■ **Data shown**:
(* Let $B$ be a Banach left $A$-module and suppose there is a bounded net $(e''_\alpha)_\alpha\subseteq A^{**}$ such that $\pi_\ell^{***}(e''_\alpha,b'')\to b''$ in norm for every $b''\in B^{**}$. Then there exists $e''\in A^{**}$ with $\pi_\ell^{***}(e'',b'')=b''$ for all $b''\in B^{**}$.
   Context: $A$ is a Banach algebra and $B$ a Banach left $A$-module with action $\pi_\ell:A\times B\to B$. For a bounded bilinear $m:X\times Y\to Z$: $m^*:Z^*\times X\to Y^*$, $\langle m^*(z',x),y\rangle=\langle z',m(x,y)\rangle$; $m^{**}:Y^{**}\times Z^*\to X^*$, $\langle m^{**}(y'',z'),x\rangle=\langle y'',m^*(z',x)\rangle$; $m^{***}:X^{**}\times Y^{**}\to Z^{**}$, $\langle m^{***}(x'',y''),z'\rangle=\langle x'',m^{**}(y'',z')\rangle$. *)

theory Defs
  imports "HOL-Analysis.Analysis"
begin

type_synonym 'a dual = "'a \<Rightarrow>\<^sub>L real"

definition adj1 :: "('x \<Rightarrow> 'y::real_normed_vector \<Rightarrow> 'z::real_normed_vector)
    \<Rightarrow> 'z dual \<Rightarrow> 'x \<Rightarrow> 'y dual" where
  "adj1 m z' x = Blinfun (\<lambda>y. blinfun_apply z' (m x y))"

definition adj2 :: "('x::real_normed_vector \<Rightarrow> 'y::real_normed_vector \<Rightarrow> 'z::real_normed_vector)
    \<Rightarrow> 'y dual dual \<Rightarrow> 'z dual \<Rightarrow> 'x dual" where
  "adj2 m y'' z' = Blinfun (\<lambda>x. blinfun_apply y'' (adj1 m z' x))"

definition adj3 :: "('x::real_normed_vector \<Rightarrow> 'y::real_normed_vector \<Rightarrow> 'z::real_normed_vector)
    \<Rightarrow> 'x dual dual \<Rightarrow> 'y dual dual \<Rightarrow> 'z dual dual" where
  "adj3 m x'' y'' = Blinfun (\<lambda>z'. blinfun_apply x'' (adj2 m y'' z'))"

definition banach_left_module ::
  "('a::{real_normed_algebra,banach} \<Rightarrow> 'b::banach \<Rightarrow> 'b) \<Rightarrow> bool" where
  "banach_left_module \<pi> \<longleftrightarrow> bounded_bilinear \<pi> \<and>
     (\<forall>a c b. \<pi> (a * c) b = \<pi> a (\<pi> c b))"

end

theory Submission
  imports Defs
begin

(* Any weak* cluster point e'' of a bounded
   net in A** agrees with the net's pointwise limits wherever those exist (Banach-Alaoglu),
   and by the hypothesis e_i(pi**(b'',z')) = pi***(e_i,b'')(z') converges to b''(z'); hence
   pi***(e'',b'')(z') = e''(pi**(b'',z')) = b''(z') for all z', i.e. e'' is a right identity. *)

lemma adj1_apply:
  assumes "bounded_bilinear m"
  shows "blinfun_apply (adj1 m z' x) y = blinfun_apply z' (m x y)"
  unfolding adj1_def
  by (subst bounded_linear_Blinfun_apply)
     (auto intro: bounded_linear_compose[OF blinfun.bounded_linear_right
                    bounded_bilinear.bounded_linear_right[OF assms]])

lemma bounded_bilinear_adj1:
  assumes m: "bounded_bilinear m"
  shows "bounded_bilinear (adj1 m)"
proof -
  obtain K where K: "K \<ge> 0" "\<And>x y. norm (m x y) \<le> norm x * norm y * K"
    using bounded_bilinear.nonneg_bounded[OF m] by blast
  have norm_adj1: "norm (adj1 m z' x) \<le> norm z' * norm x * K" for z' x
  proof (rule norm_blinfun_bound)
    show "0 \<le> norm z' * norm x * K" using K by simp
    fix y
    have "norm (blinfun_apply z' (m x y)) \<le> norm z' * norm (m x y)" by (rule norm_blinfun)
    also have "\<dots> \<le> norm z' * (norm x * norm y * K)" using K by (simp add: mult_left_mono)
    finally show "norm (blinfun_apply (adj1 m z' x) y) \<le> norm z' * norm x * K * norm y"
      by (simp add: adj1_apply[OF m] algebra_simps)
  qed
  show ?thesis
  proof
    show "adj1 m (z1 + z2) x = adj1 m z1 x + adj1 m z2 x" for z1 z2 x
      by (rule blinfun_eqI) (simp add: adj1_apply[OF m] blinfun.add_left plus_blinfun.rep_eq)
    show "adj1 m z' (x1 + x2) = adj1 m z' x1 + adj1 m z' x2" for z' x1 x2
      by (rule blinfun_eqI)
         (simp add: adj1_apply[OF m] bounded_bilinear.add_left[OF m] blinfun.add_right
                        plus_blinfun.rep_eq)
    show "adj1 m (r *\<^sub>R z') x = r *\<^sub>R adj1 m z' x" for r z' x
      by (rule blinfun_eqI) (simp add: adj1_apply[OF m] scaleR_blinfun.rep_eq)
    show "adj1 m z' (r *\<^sub>R x) = r *\<^sub>R adj1 m z' x" for r z' x
      by (rule blinfun_eqI)
         (simp add: adj1_apply[OF m] bounded_bilinear.scaleR_left[OF m] blinfun.scaleR_right
                        scaleR_blinfun.rep_eq)
    show "\<exists>K. \<forall>z' x. norm (adj1 m z' x) \<le> norm z' * norm x * K"
      using norm_adj1 by blast
  qed
qed

lemma adj2_eq_adj1: "adj2 m = adj1 (adj1 m)"
  by (intro ext) (simp add: adj1_def adj2_def)

lemma adj3_eq_adj1: "adj3 m = adj1 (adj2 m)"
  by (intro ext) (simp add: adj1_def adj3_def)

lemma adj3_apply:
  assumes "bounded_bilinear m"
  shows "blinfun_apply (adj3 m x'' y'') z' = blinfun_apply x'' (adj2 m y'' z')"
  using assms unfolding adj3_eq_adj1 adj2_eq_adj1
  by (intro adj1_apply bounded_bilinear_adj1)

lemma cluster_point_in_closed:
  assumes "inf (nhds f) G \<noteq> bot" "closed C" "eventually (\<lambda>g. g \<in> C) G"
  shows "f \<in> C"
proof (rule ccontr)
  assume "f \<notin> C"
  then have "eventually (\<lambda>g. g \<in> - C) (nhds f)"
    using assms(2) by (intro eventually_nhds_in_open) auto
  then have "eventually (\<lambda>_. False) (inf (nhds f) G)"
    using assms(3) unfolding eventually_inf by blast
  then show False using assms(1) by (simp add: eventually_False)
qed

text \<open>Tychonoff: the functions bounded pointwise by M times the norm form a compact set in
  the topology of pointwise convergence.\<close>

lemma compact_pointwise_bounded:
  "compact {g :: 'x::real_normed_vector \<Rightarrow> real. \<forall>x. \<bar>g x\<bar> \<le> M * norm x}"
proof -
  have "{g :: 'x \<Rightarrow> real. \<forall>x. \<bar>g x\<bar> \<le> M * norm x} = PiE UNIV (\<lambda>x. cball 0 (M * norm x))"
    by (auto simp: PiE_iff)
  moreover have "compactin (product_topology (\<lambda>_. euclidean) UNIV)
                   (PiE UNIV (\<lambda>x. cball (0::real) (M * norm x)))"
    by (subst compactin_PiE) auto
  ultimately show ?thesis by (simp add: euclidean_product_topology)
qed

lemma weak_star_cluster_point:
  fixes u :: "'i \<Rightarrow> 'x::real_normed_vector dual"
  assumes F: "F \<noteq> bot" and bound: "\<And>i. norm (u i) \<le> M"
  obtains \<phi> :: "'x dual"
    where "\<And>x c. ((\<lambda>i. blinfun_apply (u i) x) \<longlongrightarrow> c) F \<Longrightarrow> blinfun_apply \<phi> x = c"
proof -
  define S where "S = {g :: 'x \<Rightarrow> real. \<forall>x. \<bar>g x\<bar> \<le> M * norm x}"
  define G where "G = filtermap (\<lambda>i. blinfun_apply (u i)) F"
  have pointwise_bound: "\<bar>blinfun_apply (u i) x\<bar> \<le> M * norm x" for i x
    using norm_blinfun[of "u i" x] bound[of i] by (simp add: order_trans mult_right_mono)
  have "G \<noteq> bot" using F by (simp add: G_def filtermap_bot_iff)
  moreover have "eventually (\<lambda>g. g \<in> S) G"
    unfolding G_def eventually_filtermap S_def using pointwise_bound by simp
  ultimately obtain f where "f \<in> S" and cluster: "inf (nhds f) G \<noteq> bot"
    using compact_pointwise_bounded[of M] unfolding compact_filter S_def by blast
  have inherit: "P f"
    if "closed {g. P g}" and "eventually (\<lambda>i. P (blinfun_apply (u i))) F" for P
    using cluster_point_in_closed[OF cluster that(1)] that(2)
    by (simp add: G_def eventually_filtermap)
  have evaluation_continuous: "continuous_on UNIV (\<lambda>g::'x \<Rightarrow> real. g x)" for x
    by simp
  have "bounded_linear f"
  proof (rule bounded_linear_intro[where K = M])
    show "f (x + y) = f x + f y" for x y
      by (rule inherit) (auto intro!: closed_Collect_eq continuous_intros
                              evaluation_continuous simp: blinfun.add_right)
    show "f (r *\<^sub>R x) = r *\<^sub>R f x" for r x
      by (rule inherit) (auto intro!: closed_Collect_eq continuous_intros
                              evaluation_continuous simp: blinfun.scaleR_right)
    show "norm (f x) \<le> norm x * M" for x
      using \<open>f \<in> S\<close> by (simp add: S_def mult.commute)
  qed
  then have f_eq: "blinfun_apply (Blinfun f) = f"
    by (rule bounded_linear_Blinfun_apply)
  show thesis
  proof (rule that[of "Blinfun f"])
    fix x c
    assume lim: "((\<lambda>i. blinfun_apply (u i) x) \<longlongrightarrow> c) F"
    have close: "dist (f x) c \<le> \<epsilon>" if "\<epsilon> > 0" for \<epsilon>
    proof (rule inherit)
      show "closed {g. dist (g x) c \<le> \<epsilon>}"
        by (intro closed_Collect_le continuous_intros evaluation_continuous)
      show "eventually (\<lambda>i. dist (blinfun_apply (u i) x) c \<le> \<epsilon>) F"
        using tendstoD[OF lim that] by (rule eventually_mono) simp
    qed
    have "dist (f x) c \<le> 0"
      by (rule field_le_epsilon) (use close in simp)
    then have "f x = c"
      by simp
    then show "blinfun_apply (Blinfun f) x = c"
      by (simp add: f_eq)
  qed
qed

theorem mainTheorem15:
  fixes \<pi> :: "'a::{real_normed_algebra,banach} \<Rightarrow> 'b::banach \<Rightarrow> 'b"
    and e :: "'i \<Rightarrow> 'a dual dual"
    and F :: "'i filter"
  assumes "banach_left_module \<pi>"
    and "F \<noteq> bot"
    and "bounded (range e)"
    and "\<forall>b''. ((\<lambda>i. adj3 \<pi> (e i) b'') \<longlongrightarrow> b'') F"
  shows "\<exists>e''. \<forall>b''. adj3 \<pi> e'' b'' = b''"
proof -
  have \<pi>: "bounded_bilinear \<pi>"
    using assms(1) unfolding banach_left_module_def by blast
  obtain M where "\<And>i. norm (e i) \<le> M"
    using assms(3) unfolding bounded_iff by blast
  then obtain e'' where cluster:
    "\<And>p c. ((\<lambda>i. blinfun_apply (e i) p) \<longlongrightarrow> c) F \<Longrightarrow> blinfun_apply e'' p = c"
    using weak_star_cluster_point[OF assms(2)] by blast
  have "adj3 \<pi> e'' b'' = b''" for b''
  proof (rule blinfun_eqI)
    fix z'
    have "((\<lambda>i. blinfun_apply (adj3 \<pi> (e i) b'') z') \<longlongrightarrow> blinfun_apply b'' z') F"
      using assms(4) by (intro blinfun.tendsto tendsto_const) auto
    then have "((\<lambda>i. blinfun_apply (e i) (adj2 \<pi> b'' z')) \<longlongrightarrow> blinfun_apply b'' z') F"
      by (simp add: adj3_apply[OF \<pi>])
    then show "blinfun_apply (adj3 \<pi> e'' b'') z' = blinfun_apply b'' z'"
      by (simp add: adj3_apply[OF \<pi>] cluster)
  qed
  then show ?thesis by blast
qed

end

■ **What needs to be done**: Among the lines of the listing above, which ones contain the word "False"? Show them.

■ **Expected answer**:
  then have "eventually (\<lambda>_. False) (inf (nhds f) G)"
  then show False using assms(1) by (simp add: eventually_False)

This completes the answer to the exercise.